Os investimentos na iniciativa somam R$ 16 milhões, do orçamento da Secretaria de Gestão do Trabalho e da Educação na Saúde, do Ministério da Saúde. Para a prorrogação do prazo de execução até 2009, devem ser autorizados mais R$ 10 milhões. Integram o piloto nove estados, cada um deles responsável por cem pontos ou Unidades Básicas de Saúde (UBSs), munidas de computador, câmera web, conteúdos digitais. Para compra desses equipamentos, o Ministério transfere cerca de R$ 1,8 milhão (em duas parcelas) à instituição que responde pelo núcleo estadual.

A seleção dos estados, diz Ana Estela, priorizou aqueles com experiência em telemedicina: Amazonas, Ceará, Pernambuco, Rio de Janeiro, Minas Gerais, Goiás, São Paulo, Santa Catarina, Rio Grande do Sul. “Além disso, foi escolhido pelo menos um estado em cada região  para avaliar as distintas características regionais. E a escolha dos municípios seguiu critérios da portaria nº 35, de 2007, pactuada nos Cosems (Conselhos de Secretarias Municipais de Saúde)”, como, por exemplo, grande densidade demográfica.

Para ganharem uma UBS com telessaúde, as cidades precisam ser capazes de arcar com a conexão à internet em banda larga. “Em princípio, a idéia é que a conexão seja uma contrapartida. Os núcleos responsáveis orientam os municípios a obterem o melhor resultado possível. Em regiões onde os recursos tecnológicos são fatores problemáticos, como na amazônica, os núcleos atuam com interlocutores, na articulação para encontrar soluções de comunicação”, afirma Ana Estela.

O professor Chao Lung Wen, chefe da disciplina de Telemedicina da Faculdade de Medicina da USP, que também atua no comitê executivo do piloto e  coordena o núcleo paulista do projeto, adianta que quer “colocar na pauta, com o Ministério da Educação (MEC), como compartilhar com as equipes de Saúde da Família o acesso em banda larga das escolas”, negociado com as operadoras de telefonia fixa. Atualmente, ele lembra que, em áreas sem infra-estrutura de conexão, o Gesac-Governo Eletrônico Serviço de Apoio ao Cidadão, do Ministério das  Comunicações, e o Sistema de Proteção da Amazônia (Sipam), concebido na Presidência da República e nos Ministérios da Defesa e da Aeronáutica, cedem links de acesso via satélite. “A intenção é interagir com as diversas iniciativas governamentais para provocar sinergia e não duplicação de esforços”, explica Chao.

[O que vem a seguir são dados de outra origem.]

(* Let $R=k[x_1,\dots,x_m]$ be a polynomial ring over a field $k$, $\lambda:\mathbb Z^m\to\mathbb Z$ a linear map, and $I$ a homogeneous ideal of $R$. With the notation $\widetilde L$ defined in the context, for all $n\ge0$, $$\widetilde{I^n}=\widetilde I^{\,n}:\langle t\rangle=\bigcup_{r\ge0}(\widetilde I^{\,n}:t^r).$$
   Context: For a monomial $u=x^b$ set $\lambda(u)=\lambda(b)$. For $0\ne g=\sum a_iu_i\in R$ ($a_i\in k\setminus\{0\}$, $u_i$ distinct monomials) with $b(g)=\max\lambda(u_i)$, put $g^*=t^{b(g)}g(t^{-\lambda(x_1)}x_1,\dots,t^{-\lambda(x_m)}x_m)\in R[t]$, where $t$ is a new variable. For an ideal $L\subseteq R$ let $L^*\subseteq R[t]$ be the ideal generated by $\{g^*: g\in L\}$, let $S=k[t]_{(t)}[x_1,\dots,x_m]$, and set $\widetilde L=L^*S$. *)

theory Defs
  imports "HOL-Library.Poly_Mapping" "HOL-Computational_Algebra.Fraction_Field"
begin

text \<open>Polynomials over a field k in the variables indexed by nat.
  Convention: x_1,...,x_m are the variables with indices 0,...,m-1 and the
  new variable t is the variable with index m.\<close>

type_synonym 'k mpoly = "(nat \<Rightarrow>\<^sub>0 nat) \<Rightarrow>\<^sub>0 'k"

definition polys_in :: "nat set \<Rightarrow> 'k::field mpoly set" where
  "polys_in V = {p. \<forall>b \<in> Poly_Mapping.keys p. Poly_Mapping.keys b \<subseteq> V}"

definition Rring :: "nat \<Rightarrow> 'k::field mpoly set" where
  "Rring m = polys_in {..<m}"

definition Rtring :: "nat \<Rightarrow> 'k::field mpoly set" where
  "Rtring m = polys_in {..m}"

definition tvar :: "nat \<Rightarrow> 'k::field mpoly" where
  "tvar m = Poly_Mapping.single (Poly_Mapping.single m 1) 1"

definition ideal_in :: "'a::comm_ring_1 set \<Rightarrow> 'a set \<Rightarrow> bool" where
  "ideal_in A J \<longleftrightarrow> J \<subseteq> A \<and> 0 \<in> J \<and> (\<forall>x\<in>J. \<forall>y\<in>J. x + y \<in> J)
     \<and> (\<forall>a\<in>A. \<forall>x\<in>J. a * x \<in> J)"

definition ideal_gen :: "'a::comm_ring_1 set \<Rightarrow> 'a set \<Rightarrow> 'a set" where
  "ideal_gen A X = \<Inter>{J. ideal_in A J \<and> X \<subseteq> J}"

definition ideal_pow :: "'a::comm_ring_1 set \<Rightarrow> 'a set \<Rightarrow> nat \<Rightarrow> 'a set" where
  "ideal_pow A J n = ideal_gen A {prod_list xs | xs. length xs = n \<and> set xs \<subseteq> J}"

definition colon :: "'a::comm_ring_1 set \<Rightarrow> 'a set \<Rightarrow> 'a \<Rightarrow> 'a set" where
  "colon A J s = {a \<in> A. s * a \<in> J}"

definition saturation :: "'a::comm_ring_1 set \<Rightarrow> 'a set \<Rightarrow> 'a \<Rightarrow> 'a set" where
  "saturation A J s = (\<Union>r. colon A J (s ^ r))"

definition mdeg :: "(nat \<Rightarrow>\<^sub>0 nat) \<Rightarrow> nat" where
  "mdeg b = (\<Sum>i\<in>Poly_Mapping.keys b. Poly_Mapping.lookup b i)"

Uma vez que as cidades tenham como conectar as Unidades Básicas de Saúde à internet, elas (cem por estado) vão se ligar ao seu núcleo estadual, geralmente em uma universidade ou centro de pesquisa. Esse núcleo, então, conecta-se aos demais núcleos estaduais em alta velocidade por meio do backbone da Rede Nacional de Ensino e Pesquisa (RNP) e da Rute, mediante termo de cooperação firmado com o Ministério da Ciência e Tecnologia (MCT).

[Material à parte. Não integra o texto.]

(* Let $\mathcal{D}=(X,\mathcal{B})$ be a quasi-symmetric $2$-$(56,12,9)$ design with block intersection numbers $0$ and $3$, and let $z\in X$. Then: (i) the derived design $\mathcal{D}^z$ is a $1$-$(55,11,9)$ design with $45$ blocks, and its dual design $(\mathcal{D}^z)^*$ is a $2$-$(45,9,2)$ design; (ii) the residual design $\mathcal{D}_z$ is a $1$-$(55,12,36)$ design with $165$ blocks, and every column of the $55\times 165$ (points by blocks) incidence matrix of $\mathcal{D}_z$ lies in $C^\perp$, where $C$ is the linear code over $GF(3)$ spanned by the columns of the $55\times 45$ (points by blocks) incidence matrix of $\mathcal{D}^z$ (both incidence matrices using the same ordering of the $55$ points of $X\setminus\{z\}$), and $C^\perp$ is its dual with respect to the standard inner product.
   Context: A $t$-$(v,k,\lambda)$ design is a pair $(X,\mathcal{B})$ with $|X|=v$ points and a collection $\mathcal{B}$ of $k$-subsets (blocks) such that every $t$-subset of points lies in exactly $\lambda$ blocks. A $2$-design is quasi-symmetric with intersection numbers $x<y$ if any two distinct blocks meet in exactly $x$ or $y$ points. For a point $z$, the derived design $\mathcal{D}^z$ has point set $X\setminus\{z\}$ and blocks $\{B\setminus\{z\}: B\in\mathcal{B}, z\in B\}$; the residual design $\mathcal{D}_z$ has point set $X\setminus\{z\}$ and blocks $\{B\in\mathcal{B}: z\notin B\}$. The dual design of a design has as points the blocks of the original and as blocks the points, with incidence preserved (incidence matrix transposed). The points-by-blocks incidence matrix $A=(a_{ij})$ has $a_{ij}=1$ if point $i$ lies in block $j$ and $0$ otherwise. *)

theory Defs
  imports Main "HOL-Library.Numeral_Type"
begin

text \<open>A design is given by a point set X, a finite index set I of blocks and a block
  map B (so repeated blocks are allowed). t-(v,k,lambda) design:\<close>
definition t_design :: "nat \<Rightarrow> nat \<Rightarrow> nat \<Rightarrow> nat \<Rightarrow> 'a set \<Rightarrow> 'i set \<Rightarrow> ('i \<Rightarrow> 'a set) \<Rightarrow> bool" where
  "t_design t v k lam X I B \<longleftrightarrow>
     finite X \<and> card X = v \<and> finite I \<and>
     (\<forall>i\<in>I. B i \<subseteq> X \<and> card (B i) = k) \<and>
     (\<forall>T. T \<subseteq> X \<and> card T = t \<longrightarrow> card {i\<in>I. T \<subseteq> B i} = lam)"

definition quasi_symmetric :: "nat \<Rightarrow> nat \<Rightarrow> nat \<Rightarrow> nat \<Rightarrow> nat \<Rightarrow> 'a set \<Rightarrow> 'i set \<Rightarrow> ('i \<Rightarrow> 'a set) \<Rightarrow> bool" where
  "quasi_symmetric v k lam x y X I B \<longleftrightarrow>
     t_design 2 v k lam X I B \<and>
     (\<forall>i\<in>I. \<forall>j\<in>I. i \<noteq> j \<longrightarrow> card (B i \<inter> B j) = x \<or> card (B i \<inter> B j) = y)"

text \<open>Derived design at z: points X - {z}, blocks B i - {z} for blocks through z.\<close>
definition derived_idx :: "'i set \<Rightarrow> ('i \<Rightarrow> 'a set) \<Rightarrow> 'a \<Rightarrow> 'i set" where
  "derived_idx I B z = {i\<in>I. z \<in> B i}"
definition derived_blk :: "('i \<Rightarrow> 'a set) \<Rightarrow> 'a \<Rightarrow> 'i \<Rightarrow> 'a set" where
  "derived_blk B z i = B i - {z}"

text \<open>Residual design at z: points X - {z}, blocks B i for blocks not through z.\<close>
definition residual_idx :: "'i set \<Rightarrow> ('i \<Rightarrow> 'a set) \<Rightarrow> 'a \<Rightarrow> 'i set" where
  "residual_idx I B z = {i\<in>I. z \<notin> B i}"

Os nove núcleos integram uma rede de videoconferência e fornecem informações para o Ministério da Saúde — em tempo real e em banda muito larga. Uma das missões desses nove núcleos iniciais é fomentar outros centros irradiadores, nos 18 estados que não foram contemplados no piloto. “Para interagir com os nove núcleos, a RNP vai implementar mais 32 pontos no país: Alagoas, Paraná, Pará, etc.”, conta Chao.

Saúde da Família


Maíza de Souza e Matheus:
"uma tranqüilidade".

A estratégia Saúde da Família dispõe, na sua totalidade, conforme dados de fevereiro, de 27.899 equipes que atendem, em média, cada uma, 4 mil pessoas. Isso significa, segundo Heitor Tognoli e Silva, assessor do gabinete de Atenção Básica do Ministério da Saúde, uma cobertura de “quase 50% no país inteiro”, ou 89.100.369 pessoas — 47,1% da população. A meta, diz ele, é atingir 70% da população até 2011. Em cada UBS, ou ponto da rede, participam do programa três Equipes de Saúde da Família (ESF). Uma equipe tem, em geral, seis agentes comunitários, dentista, técnico-auxiliar de consultório e técnico de higiene dentária, além de um médico generalista e uma ou duas enfermeiras.

A idéia é que essa equipe atue diretamente na comunidade, dedicada à prevenção e ao atendimento de doenças que podem ser resolvidas e diagnosticadas sem necessidade de deslocamento a hospitais. Ou seja, aconselhamento nutri­cional, saúde bucal, lombalgia, diabetes, gripes, hipertensão arterial, asma, câncer de mama (exames preventivos), hepatites virais, tuberculose, hanseníase, DSTs, dependência a álcool, doenças infecto-contagiosas, etc.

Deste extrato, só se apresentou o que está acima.